What if you want to keep this house long term?  One way to do that would be with a second mortgage relief Chapter 13.  See my website on that.  http://virginiasecondmortgagerelief.com/

Or, you can not pay the second for a couple years, save some money, and then offer them a cash settlement.  Say you owe $75,000 on the second mortgage, file chapter 7 bankruptcy, and pay them nothing for three years.   If the value of your house is still less than you owe on the first, and you offer them $7000 to call it even, they might agree.   If you move out, they get nothing.

That strategy takes nerves of steel.  And it works best if you go for several years of not paying them–you want them to get used to getting nothing, so your offer of 10 cents on the dollar looks good.  I’ve seen it work.

Here’s an example where Chase, after getting nothing for four years, offers to settle at $20,000 second mortgage for $2000.  And here’s an example of HSBC offering to settle as $126,000 second mortgage for $12,600.

Here’s an offer to settle at $28,500 for $4250.  My client filed bankruptcy in 2010–this offer came in 2014.

 

PS  In January 2015, Bank of America forgives the whole amount.

Ahmad filed bankruptcy with me in 2011.  He got the best possible deal–Bank of America offered to forgive the whole amount of his seocnd mortgage.
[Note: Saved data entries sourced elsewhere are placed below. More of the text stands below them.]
(* Let $\mathcal{O}$ be the ring of integers of $\mathbb{Q}(\sqrt{-11})$ and $X=\frac12(1+\sqrt{-11})$. Then: (i) $X$ is an $\mathbb{S}[\pm1]$-generator of $\mathcal{O}$, i.e. every element of $\mathcal{O}$ can be written uniquely as a finite sum $\sum_j\alpha_jX^j$ with $\alpha_j\in\{-1,0,1\}$, and its hold is given by $1+1=-1+X-X^2$; (ii) with $R_m=\mathcal{O}/X^m\mathcal{O}$, the projective limit $\varprojlim_m R_m$ is the ring $W(\mathbb{F}_3)=\mathbb{Z}_3$.
   Context: $W(\mathbb{F}_3)$ is the ring of $3$-typical Witt vectors of $\mathbb{F}_3$, identified with the $3$-adic integers $\mathbb{Z}_3$. The hold records, for each $\xi\in\{\pm1\}$, the unique representation of $\xi+1$ as such a sum; here the only nontrivial case is $1+1$. *)

theory Defs
  imports Complex_Main "HOL-Algebra.Algebra"
begin

definition Xg :: complex where
  "Xg = (1 + \<i> * complex_of_real (sqrt 11)) / 2"

text \<open>The ring of integers of Q(sqrt(-11)), which is Z[X] (as -11 = 1 mod 4),
  realised as a subring of the complex numbers.\<close>
definition O_set :: "complex set" where
  "O_set = {of_int a + of_int b * Xg | a b :: int. True}"

definition O_ring :: "complex ring" where
  "O_ring = \<lparr>carrier = O_set, monoid.mult = (*), monoid.one = 1, ring.zero = 0, ring.add = (+)\<rparr>"

definition digit_seq :: "(nat \<Rightarrow> int) \<Rightarrow> bool" where
  "digit_seq \<alpha> \<longleftrightarrow> finite {j. \<alpha> j \<noteq> 0} \<and> (\<forall>j. \<alpha> j \<in> {-1, 0, 1})"

definition digit_val :: "(nat \<Rightarrow> int) \<Rightarrow> complex" where
  "digit_val \<alpha> = (\<Sum>j\<in>{j. \<alpha> j \<noteq> 0}. of_int (\<alpha> j) * Xg ^ j)"

text \<open>Projective limit of the chain of quotient rings A/I_0 <- A/I_1 <- ...,
  for a decreasing chain of ideals I_m; the transition maps send a coset of
  I_(m+1) to the coset of I_m containing it, so compatibility is inclusion.\<close>
definition quot_limit :: "('a, 'b) ring_scheme \<Rightarrow> (nat \<Rightarrow> 'a set) \<Rightarrow> (nat \<Rightarrow> 'a set) ring" where
  "quot_limit A I =
    \<lparr>carrier = {f. (\<forall>m. f m \<in> carrier (A Quot (I m))) \<and> (\<forall>m. f (Suc m) \<subseteq> f m)},
     monoid.mult = (\<lambda>f g m. f m \<otimes>\<^bsub>A Quot (I m)\<^esub> g m),
     monoid.one = (\<lambda>m. \<one>\<^bsub>A Quot (I m)\<^esub>),
     ring.zero = (\<lambda>m. \<zero>\<^bsub>A Quot (I m)\<^esub>),
     ring.add = (\<lambda>f g m. f m \<oplus>\<^bsub>A Quot (I m)\<^esub> g m)\<rparr>"

text \<open>The 3-adic integers Z_3 = W(F_3), as the projective limit of Z/3^m Z.\<close>
definition Z3_ring :: "(nat \<Rightarrow> int set) ring" where
  "Z3_ring = quot_limit \<Z> (\<lambda>m. PIdl\<^bsub>\<Z>\<^esub> (3 ^ m))"

end

theory Submission
  imports Defs "HOL-Library.Nat_Bijection"
begin

(*
  X is a root of t^2 - t + 3, so O = Z[X] and X (1 - X) = 3. Modulo X every element of O is
  congruent to an integer, and an integer is divisible by X only if it is divisible by 3; hence
  O/XO = F_3 with representatives -1, 0, 1. Writing z = d + X w with d the digit of z mod X
  gives uniqueness of expansions by peeling off one digit at a time, and existence by induction
  on the norm N(z) = |z|^2: since N(X) = 3, N(w) < N(z) as soon as N(z) >= 2.
  Since 1 - X is a unit modulo X, the same two facts hold modulo X^m and 3^m: an integer lies in
  X^m O iff 3^m divides it, and every class of O/X^m O contains an integer. So the inclusion
  Z -> O induces compatible isomorphisms Z/3^m = O/X^m O, and the projective limits agree.
*)

section \<open>Projective limits of quotient rings\<close>

lemma quot_limit_componentwise_bij:
  assumes bij: "\<And>m. bij_betw (\<phi> m) (carrier (A Quot I m)) (carrier (B Quot J m))"
    and mono_iff: "\<And>m C' C. C' \<in> carrier (A Quot I (Suc m)) \<Longrightarrow> C \<in> carrier (A Quot I m) \<Longrightarrow>
      \<phi> (Suc m) C' \<subseteq> \<phi> m C \<longleftrightarrow> C' \<subseteq> C"
  shows "bij_betw (\<lambda>g m. \<phi> m (g m)) (carrier (quot_limit A I)) (carrier (quot_limit B J))"
proof (rule bij_betw_imageI)
  show "inj_on (\<lambda>g m. \<phi> m (g m)) (carrier (quot_limit A I))"
  proof (rule inj_onI)
    fix g g' assume g: "g \<in> carrier (quot_limit A I)" and g': "g' \<in> carrier (quot_limit A I)"
      and eq: "(\<lambda>m. \<phi> m (g m)) = (\<lambda>m. \<phi> m (g' m))"
    show "g = g'"
    proof
      fix m
      have "g m \<in> carrier (A Quot I m)" "g' m \<in> carrier (A Quot I m)"
        using g g' by (auto simp: quot_limit_def)
      moreover have "\<phi> m (g m) = \<phi> m (g' m)"
        using eq by meson
      ultimately show "g m = g' m"
        using bij[of m] by (auto simp: bij_betw_def dest: inj_onD)
    qed
  qed
  show "(\<lambda>g m. \<phi> m (g m)) ` carrier (quot_limit A I) = carrier (quot_limit B J)"
  proof
    show "(\<lambda>g m. \<phi> m (g m)) ` carrier (quot_limit A I) \<subseteq> carrier (quot_limit B J)"
    proof clarify
      fix g assume "g \<in> carrier (quot_limit A I)"
      then have "g m \<in> carrier (A Quot I m)" "g (Suc m) \<subseteq> g m" for m
        by (auto simp: quot_limit_def)
      then show "(\<lambda>m. \<phi> m (g m)) \<in> carrier (quot_limit B J)"
        using bij_betw_apply[OF bij] mono_iff by (simp add: quot_limit_def)
    qed
    show "carrier (quot_limit B J) \<subseteq> (\<lambda>g m. \<phi> m (g m)) ` carrier (quot_limit A I)"
    proof
      fix f assume f: "f \<in> carrier (quot_limit B J)"
      define g where "g m = inv_into (carrier (A Quot I m)) (\<phi> m) (f m)" for m
      have g: "g m \<in> carrier (A Quot I m)" "\<phi> m (g m) = f m" for m
        using f bij[of m] by (auto simp: g_def quot_limit_def bij_betw_def inv_into_into f_inv_into_f)
      have "g (Suc m) \<subseteq> g m" for m
        using f mono_iff[OF g(1) g(1)] by (simp add: g(2) quot_limit_def)
      with g(1) have "g \<in> carrier (quot_limit A I)"
        by (simp add: quot_limit_def)
      then show "f \<in> (\<lambda>g m. \<phi> m (g m)) ` carrier (quot_limit A I)"
        using g by (intro image_eqI[of _ _ g]) auto
    qed
  qed
qed

lemma quot_limit_iso_componentwise:
  assumes iso: "\<And>m. \<phi> m \<in> ring_iso (A Quot I m) (B Quot J m)"
    and mono_iff: "\<And>m C' C. C' \<in> carrier (A Quot I (Suc m)) \<Longrightarrow> C \<in> carrier (A Quot I m) \<Longrightarrow>
      \<phi> (Suc m) C' \<subseteq> \<phi> m C \<longleftrightarrow> C' \<subseteq> C"
  shows "(\<lambda>g m. \<phi> m (g m)) \<in> ring_iso (quot_limit A I) (quot_limit B J)"
proof (rule ring_iso_memI)
  note hom = ring_iso_memE[OF iso]
  show bij: "bij_betw (\<lambda>g m. \<phi> m (g m)) (carrier (quot_limit A I)) (carrier (quot_limit B J))"
    using hom(5) mono_iff by (rule quot_limit_componentwise_bij)
  show "(\<lambda>m. \<phi> m (g m)) \<in> carrier (quot_limit B J)" if "g \<in> carrier (quot_limit A I)" for g
    using bij that by (auto simp: bij_betw_def)
  show "(\<lambda>m. \<phi> m ((g \<otimes>\<^bsub>quot_limit A I\<^esub> g') m)) =
      (\<lambda>m. \<phi> m (g m)) \<otimes>\<^bsub>quot_limit B J\<^esub> (\<lambda>m. \<phi> m (g' m))"
    and "(\<lambda>m. \<phi> m ((g \<oplus>\<^bsub>quot_limit A I\<^esub> g') m)) =
      (\<lambda>m. \<phi> m (g m)) \<oplus>\<^bsub>quot_limit B J\<^esub> (\<lambda>m. \<phi> m (g' m))"
    if "g \<in> carrier (quot_limit A I)" "g' \<in> carrier (quot_limit A I)" for g g'
    using that hom(2,3) by (auto simp: quot_limit_def)
  show "(\<lambda>m. \<phi> m (\<one>\<^bsub>quot_limit A I\<^esub> m)) = \<one>\<^bsub>quot_limit B J\<^esub>"
    using hom(4) by (simp add: quot_limit_def)
qed

locale ideal_chain_pullback = ring_hom_ring R S h for R (structure) and S (structure) and h +
  fixes J I
  assumes ideal_J: "ideal (J m) R"
    and ideal_I: "ideal (I m) S"
    and I_decreasing: "I (Suc m) \<subseteq> I m"
    and vimage_I: "{r \<in> carrier R. h r \<in> I m} = J m"
    and rcoset_representative: "s \<in> carrier S \<Longrightarrow> \<exists>r \<in> carrier R. s \<in> I m +>\<^bsub>S\<^esub> h r"
begin

definition quot_vimage where
  "quot_vimage C = {r \<in> carrier R. h r \<in> C}"

lemma quot_vimage_rcoset:
  assumes "r \<in> carrier R"
  shows "quot_vimage (I m +>\<^bsub>S\<^esub> h r) = J m +> r"
proof -
  interpret I: ideal "I m" S by (rule ideal_I)
  interpret J: ideal "J m" R by (rule ideal_J)
  have "h x \<in> I m +>\<^bsub>S\<^esub> h r \<longleftrightarrow> x \<in> J m +> r" if "x \<in> carrier R" for x
  proof -
    have "h (x \<ominus> r) = h x \<ominus>\<^bsub>S\<^esub> h r"
      using that assms by (simp add: R.minus_eq S.minus_eq)
    then have "h x \<in> I m +>\<^bsub>S\<^esub> h r \<longleftrightarrow> h (x \<ominus> r) \<in> I m"
      using that assms by (simp add: I.a_rcos_module_minus[OF S.ring_axioms])
    also have "\<dots> \<longleftrightarrow> x \<ominus> r \<in> J m"
      using that assms vimage_I[of m] by auto
    finally show ?thesis
      using that assms by (simp add: J.a_rcos_module_minus[OF R.ring_axioms])
  qed
  moreover have "J m +> r \<subseteq> carrier R"
    using assms by (simp add: R.a_r_coset_subset_G J.a_subset)
  ultimately show ?thesis
    unfolding quot_vimage_def by auto
qed

lemma quot_carrier_eq: "carrier (S Quot I m) = {I m +>\<^bsub>S\<^esub> h r | r. r \<in> carrier R}"
proof -
  interpret I: ideal "I m" S by (rule ideal_I)
  have "I m +>\<^bsub>S\<^esub> s = I m +>\<^bsub>S\<^esub> h r" if "s \<in> carrier S" "s \<in> I m +>\<^bsub>S\<^esub> h r" "r \<in> carrier R" for s r
    using that by (metis I.a_repr_independence' hom_closed)
  then show ?thesis
    using rcoset_representative by (fastforce simp: FactRing_def A_RCOSETS_def')
qed

lemma quot_vimage_iso: "quot_vimage \<in> ring_iso (S Quot I m) (R Quot J m)"
proof -
  interpret I: ideal "I m" S by (rule ideal_I)
  interpret J: ideal "J m" R by (rule ideal_J)
  have q_hom: "(\<lambda>r. I m +>\<^bsub>S\<^esub> h r) \<in> ring_hom R (S Quot I m)"
    using ring_hom_trans[OF homh I.rcos_ring_hom] by (simp add: comp_def)
  note q = ring_hom_memE[OF q_hom] and J_hom = ring_hom_memE[OF J.rcos_ring_hom]
  have R_carrier: "carrier (R Quot J m) = (+>) (J m) ` carrier R"
    by (auto simp: FactRing_def A_RCOSETS_def')
  show ?thesis
  proof (rule ring_iso_memI)
    show "quot_vimage C \<in> carrier (R Quot J m)" if "C \<in> carrier (S Quot I m)" for C
      using that J_hom(1) by (auto simp: quot_carrier_eq quot_vimage_rcoset)
    show "quot_vimage (C \<otimes>\<^bsub>S Quot I m\<^esub> D) = quot_vimage C \<otimes>\<^bsub>R Quot J m\<^esub> quot_vimage D"
      and "quot_vimage (C \<oplus>\<^bsub>S Quot I m\<^esub> D) = quot_vimage C \<oplus>\<^bsub>R Quot J m\<^esub> quot_vimage D"
      if "C \<in> carrier (S Quot I m)" "D \<in> carrier (S Quot I m)" for C D
      using that J_hom(2,3) by (auto simp: quot_carrier_eq quot_vimage_rcoset
        simp flip: q(2,3) simp del: hom_mult hom_add)
    show "quot_vimage \<one>\<^bsub>S Quot I m\<^esub> = \<one>\<^bsub>R Quot J m\<^esub>"
      using quot_vimage_rcoset[of \<one> m] q(4) J_hom(4) by simp
    show "bij_betw quot_vimage (carrier (S Quot I m)) (carrier (R Quot J m))"
    proof (rule bij_betw_imageI)
      show "inj_on quot_vimage (carrier (S Quot I m))"
      proof (rule inj_onI)
        fix C D assume "C \<in> carrier (S Quot I m)" "D \<in> carrier (S Quot I m)"
          and eq: "quot_vimage C = quot_vimage D"
        then obtain r r' where r: "r \<in> carrier R" "C = I m +>\<^bsub>S\<^esub> h r"
          and r': "r' \<in> carrier R" "D = I m +>\<^bsub>S\<^esub> h r'"
          by (auto simp: quot_carrier_eq)
        have "h r \<in> D"
          using eq r J.a_rcos_self[OF r(1)] quot_vimage_rcoset[OF r(1)] by (auto simp: quot_vimage_def)
        then show "C = D"
          using r r' I.a_repr_independence' by simp
      qed
      show "quot_vimage ` carrier (S Quot I m) = carrier (R Quot J m)"
        unfolding R_carrier quot_carrier_eq by (force simp: quot_vimage_rcoset)
    qed
  qed
qed

lemma quot_vimage_subset_iff:
  assumes "C' \<in> carrier (S Quot I (Suc m))" "C \<in> carrier (S Quot I m)"
  shows "quot_vimage C' \<subseteq> quot_vimage C \<longleftrightarrow> C' \<subseteq> C"
proof
  assume sub: "quot_vimage C' \<subseteq> quot_vimage C"
  interpret I: ideal "I m" S by (rule ideal_I)
  interpret I': ideal "I (Suc m)" S by (rule ideal_I)
  obtain r' where r': "r' \<in> carrier R" "C' = I (Suc m) +>\<^bsub>S\<^esub> h r'"
    using assms(1) by (auto simp: quot_carrier_eq)
  obtain r where r: "r \<in> carrier R" "C = I m +>\<^bsub>S\<^esub> h r"
    using assms(2) by (auto simp: quot_carrier_eq)
  have "h r' \<in> C"
    using sub r' I'.a_rcos_self by (auto simp: quot_vimage_def)
  then have "C = I m +>\<^bsub>S\<^esub> h r'"
    using r I.a_repr_independence' by simp
  then show "C' \<subseteq> C"
    using r'(2) I_decreasing by (auto simp: a_r_coset_def')
qed (auto simp: quot_vimage_def)

theorem quot_limit_iso: "quot_limit S I \<simeq> quot_limit R J"
proof -
  have "(\<lambda>g m. quot_vimage (g m)) \<in> ring_iso (quot_limit S I) (quot_limit R J)"
    by (rule quot_limit_iso_componentwise[where A = S and B = R and I = I and J = J])
      (fact quot_vimage_iso, fact quot_vimage_subset_iff)
  then show ?thesis
    unfolding is_ring_iso_def by blast
qed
 We had a BOA home equity line of credit for around $33K that was included in our BK back in 2011. I received a letter today from BOA that they have agreed to forgive this amount and we don’t owe them a penny on that. I had a question will that show up in our credit and will it hurt our credit in any way? It took us few years to build our credit and get back up and we don’t want this to damage our credit but we are grateful that is being forgiven…..

Don’t worry, Ahmad, this will nto hit your credit.  and not have any tax consequences either.  And I’ll straighten it out if it does.

This nerves of steel strategy does not always work; but it works a lot.